> Given records:
== Segment start ==
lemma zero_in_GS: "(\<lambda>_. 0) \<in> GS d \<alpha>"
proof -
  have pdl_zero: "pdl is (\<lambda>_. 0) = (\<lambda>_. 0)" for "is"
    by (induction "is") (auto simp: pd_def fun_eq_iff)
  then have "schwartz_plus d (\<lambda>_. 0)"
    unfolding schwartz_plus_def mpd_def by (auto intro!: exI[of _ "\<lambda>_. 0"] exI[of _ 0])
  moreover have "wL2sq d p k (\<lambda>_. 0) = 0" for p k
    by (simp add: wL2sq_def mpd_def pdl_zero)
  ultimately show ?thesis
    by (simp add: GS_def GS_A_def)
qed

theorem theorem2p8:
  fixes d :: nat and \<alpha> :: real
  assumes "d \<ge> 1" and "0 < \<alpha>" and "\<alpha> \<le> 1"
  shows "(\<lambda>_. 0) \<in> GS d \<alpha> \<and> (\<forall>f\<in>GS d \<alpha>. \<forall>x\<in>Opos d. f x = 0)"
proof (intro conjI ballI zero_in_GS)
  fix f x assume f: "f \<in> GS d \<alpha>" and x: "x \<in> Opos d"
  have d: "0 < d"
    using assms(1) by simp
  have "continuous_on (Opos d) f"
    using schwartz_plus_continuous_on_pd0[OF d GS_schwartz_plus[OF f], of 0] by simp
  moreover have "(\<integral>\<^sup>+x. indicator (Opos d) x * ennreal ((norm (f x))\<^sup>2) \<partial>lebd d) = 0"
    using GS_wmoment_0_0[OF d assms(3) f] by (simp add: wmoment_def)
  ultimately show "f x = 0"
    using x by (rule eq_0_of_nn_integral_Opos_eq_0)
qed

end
== Segment end ==
== Segment start ==
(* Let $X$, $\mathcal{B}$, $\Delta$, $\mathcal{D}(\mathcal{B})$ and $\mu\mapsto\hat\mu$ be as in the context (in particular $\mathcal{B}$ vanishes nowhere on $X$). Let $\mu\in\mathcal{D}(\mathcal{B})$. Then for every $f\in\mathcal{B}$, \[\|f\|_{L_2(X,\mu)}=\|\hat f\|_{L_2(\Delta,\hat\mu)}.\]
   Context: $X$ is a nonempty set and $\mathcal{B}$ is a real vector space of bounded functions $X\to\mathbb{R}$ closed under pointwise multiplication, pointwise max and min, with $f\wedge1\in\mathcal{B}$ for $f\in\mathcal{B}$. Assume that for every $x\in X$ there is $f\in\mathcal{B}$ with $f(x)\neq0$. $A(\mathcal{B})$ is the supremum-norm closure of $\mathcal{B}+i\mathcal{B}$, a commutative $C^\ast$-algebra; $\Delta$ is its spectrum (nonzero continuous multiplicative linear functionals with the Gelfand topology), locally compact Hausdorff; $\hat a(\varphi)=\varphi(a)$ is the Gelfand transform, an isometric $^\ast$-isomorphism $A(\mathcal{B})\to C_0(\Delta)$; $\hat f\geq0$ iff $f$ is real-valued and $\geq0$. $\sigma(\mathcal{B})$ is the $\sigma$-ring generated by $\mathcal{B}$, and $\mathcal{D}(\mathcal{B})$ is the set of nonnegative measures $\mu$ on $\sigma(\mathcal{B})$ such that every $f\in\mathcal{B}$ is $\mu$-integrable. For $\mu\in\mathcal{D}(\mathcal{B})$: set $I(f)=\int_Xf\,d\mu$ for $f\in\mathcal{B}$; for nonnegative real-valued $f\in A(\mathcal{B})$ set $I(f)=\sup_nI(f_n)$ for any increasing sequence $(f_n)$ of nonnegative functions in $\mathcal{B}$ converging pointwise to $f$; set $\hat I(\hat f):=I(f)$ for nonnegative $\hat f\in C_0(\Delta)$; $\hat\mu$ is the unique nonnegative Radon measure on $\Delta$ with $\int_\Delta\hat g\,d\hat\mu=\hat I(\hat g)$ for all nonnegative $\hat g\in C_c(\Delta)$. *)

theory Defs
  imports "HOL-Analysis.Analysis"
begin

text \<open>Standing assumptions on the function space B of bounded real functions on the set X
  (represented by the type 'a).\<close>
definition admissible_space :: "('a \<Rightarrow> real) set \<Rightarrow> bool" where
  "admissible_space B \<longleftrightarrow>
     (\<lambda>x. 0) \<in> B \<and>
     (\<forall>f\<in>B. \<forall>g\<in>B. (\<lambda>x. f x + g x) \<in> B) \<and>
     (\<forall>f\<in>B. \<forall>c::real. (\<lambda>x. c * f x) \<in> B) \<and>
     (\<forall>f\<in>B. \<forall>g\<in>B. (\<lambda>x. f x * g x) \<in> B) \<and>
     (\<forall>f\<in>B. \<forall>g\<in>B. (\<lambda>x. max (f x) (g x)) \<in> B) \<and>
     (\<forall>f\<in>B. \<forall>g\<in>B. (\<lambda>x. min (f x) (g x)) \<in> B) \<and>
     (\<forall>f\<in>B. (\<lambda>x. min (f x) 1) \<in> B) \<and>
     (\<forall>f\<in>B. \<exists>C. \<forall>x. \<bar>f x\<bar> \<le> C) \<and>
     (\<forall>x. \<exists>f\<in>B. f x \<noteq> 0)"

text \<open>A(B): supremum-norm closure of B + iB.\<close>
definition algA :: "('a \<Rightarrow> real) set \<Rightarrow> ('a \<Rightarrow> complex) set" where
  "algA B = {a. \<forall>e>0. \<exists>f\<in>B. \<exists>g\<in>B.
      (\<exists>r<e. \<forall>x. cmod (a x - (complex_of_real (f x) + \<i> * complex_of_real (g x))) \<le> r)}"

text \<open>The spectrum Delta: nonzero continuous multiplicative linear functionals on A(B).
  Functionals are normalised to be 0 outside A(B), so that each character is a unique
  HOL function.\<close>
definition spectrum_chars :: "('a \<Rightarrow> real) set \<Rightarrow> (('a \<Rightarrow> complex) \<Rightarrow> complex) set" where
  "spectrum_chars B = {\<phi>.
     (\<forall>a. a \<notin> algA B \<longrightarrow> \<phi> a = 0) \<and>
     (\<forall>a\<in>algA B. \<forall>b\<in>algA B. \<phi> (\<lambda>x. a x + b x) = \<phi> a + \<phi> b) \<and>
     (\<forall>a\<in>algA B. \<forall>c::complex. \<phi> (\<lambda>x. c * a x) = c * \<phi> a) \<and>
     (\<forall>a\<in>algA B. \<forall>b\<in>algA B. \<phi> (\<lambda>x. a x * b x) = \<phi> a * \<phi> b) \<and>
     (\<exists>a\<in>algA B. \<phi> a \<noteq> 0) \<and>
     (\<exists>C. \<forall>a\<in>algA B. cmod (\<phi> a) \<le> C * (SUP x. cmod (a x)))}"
== Segment end ==
== Segment start ==
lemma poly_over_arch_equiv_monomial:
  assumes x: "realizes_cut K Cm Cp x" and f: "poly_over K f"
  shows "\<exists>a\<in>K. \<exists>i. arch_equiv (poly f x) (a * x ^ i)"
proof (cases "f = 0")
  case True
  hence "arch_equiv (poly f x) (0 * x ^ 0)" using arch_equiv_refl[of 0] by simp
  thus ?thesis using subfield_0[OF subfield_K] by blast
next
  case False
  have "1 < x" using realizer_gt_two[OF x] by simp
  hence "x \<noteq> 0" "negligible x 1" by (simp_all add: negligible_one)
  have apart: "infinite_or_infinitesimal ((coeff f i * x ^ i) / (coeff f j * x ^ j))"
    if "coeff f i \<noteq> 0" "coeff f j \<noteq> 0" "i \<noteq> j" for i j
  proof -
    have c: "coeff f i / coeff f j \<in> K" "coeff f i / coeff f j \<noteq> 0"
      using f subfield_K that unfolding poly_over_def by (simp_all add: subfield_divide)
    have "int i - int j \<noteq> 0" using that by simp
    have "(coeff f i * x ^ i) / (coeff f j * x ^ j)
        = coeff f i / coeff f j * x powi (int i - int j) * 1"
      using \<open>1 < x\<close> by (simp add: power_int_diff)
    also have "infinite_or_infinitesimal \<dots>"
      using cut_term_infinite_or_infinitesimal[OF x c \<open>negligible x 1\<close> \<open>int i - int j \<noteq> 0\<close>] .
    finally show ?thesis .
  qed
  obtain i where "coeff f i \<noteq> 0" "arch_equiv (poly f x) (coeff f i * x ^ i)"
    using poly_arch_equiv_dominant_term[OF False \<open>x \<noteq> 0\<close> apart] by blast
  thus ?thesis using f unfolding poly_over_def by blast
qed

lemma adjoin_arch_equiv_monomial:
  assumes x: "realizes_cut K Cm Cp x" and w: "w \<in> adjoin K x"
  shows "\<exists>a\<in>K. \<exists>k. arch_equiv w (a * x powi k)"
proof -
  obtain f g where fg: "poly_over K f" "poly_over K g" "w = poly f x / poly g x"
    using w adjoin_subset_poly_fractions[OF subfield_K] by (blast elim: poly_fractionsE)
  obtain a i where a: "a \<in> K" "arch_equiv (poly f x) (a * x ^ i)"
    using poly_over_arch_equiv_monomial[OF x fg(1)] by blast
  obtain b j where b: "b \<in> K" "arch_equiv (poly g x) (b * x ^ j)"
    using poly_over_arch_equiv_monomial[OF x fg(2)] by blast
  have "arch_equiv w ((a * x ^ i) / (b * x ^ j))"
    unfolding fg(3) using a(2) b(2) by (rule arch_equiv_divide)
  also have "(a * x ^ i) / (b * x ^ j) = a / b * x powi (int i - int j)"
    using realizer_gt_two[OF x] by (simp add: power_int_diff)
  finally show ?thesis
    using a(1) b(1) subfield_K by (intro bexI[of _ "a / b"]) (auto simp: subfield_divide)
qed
== Segment end ==
In the records above, count the lines that contain the word "blast" and state only that count.

6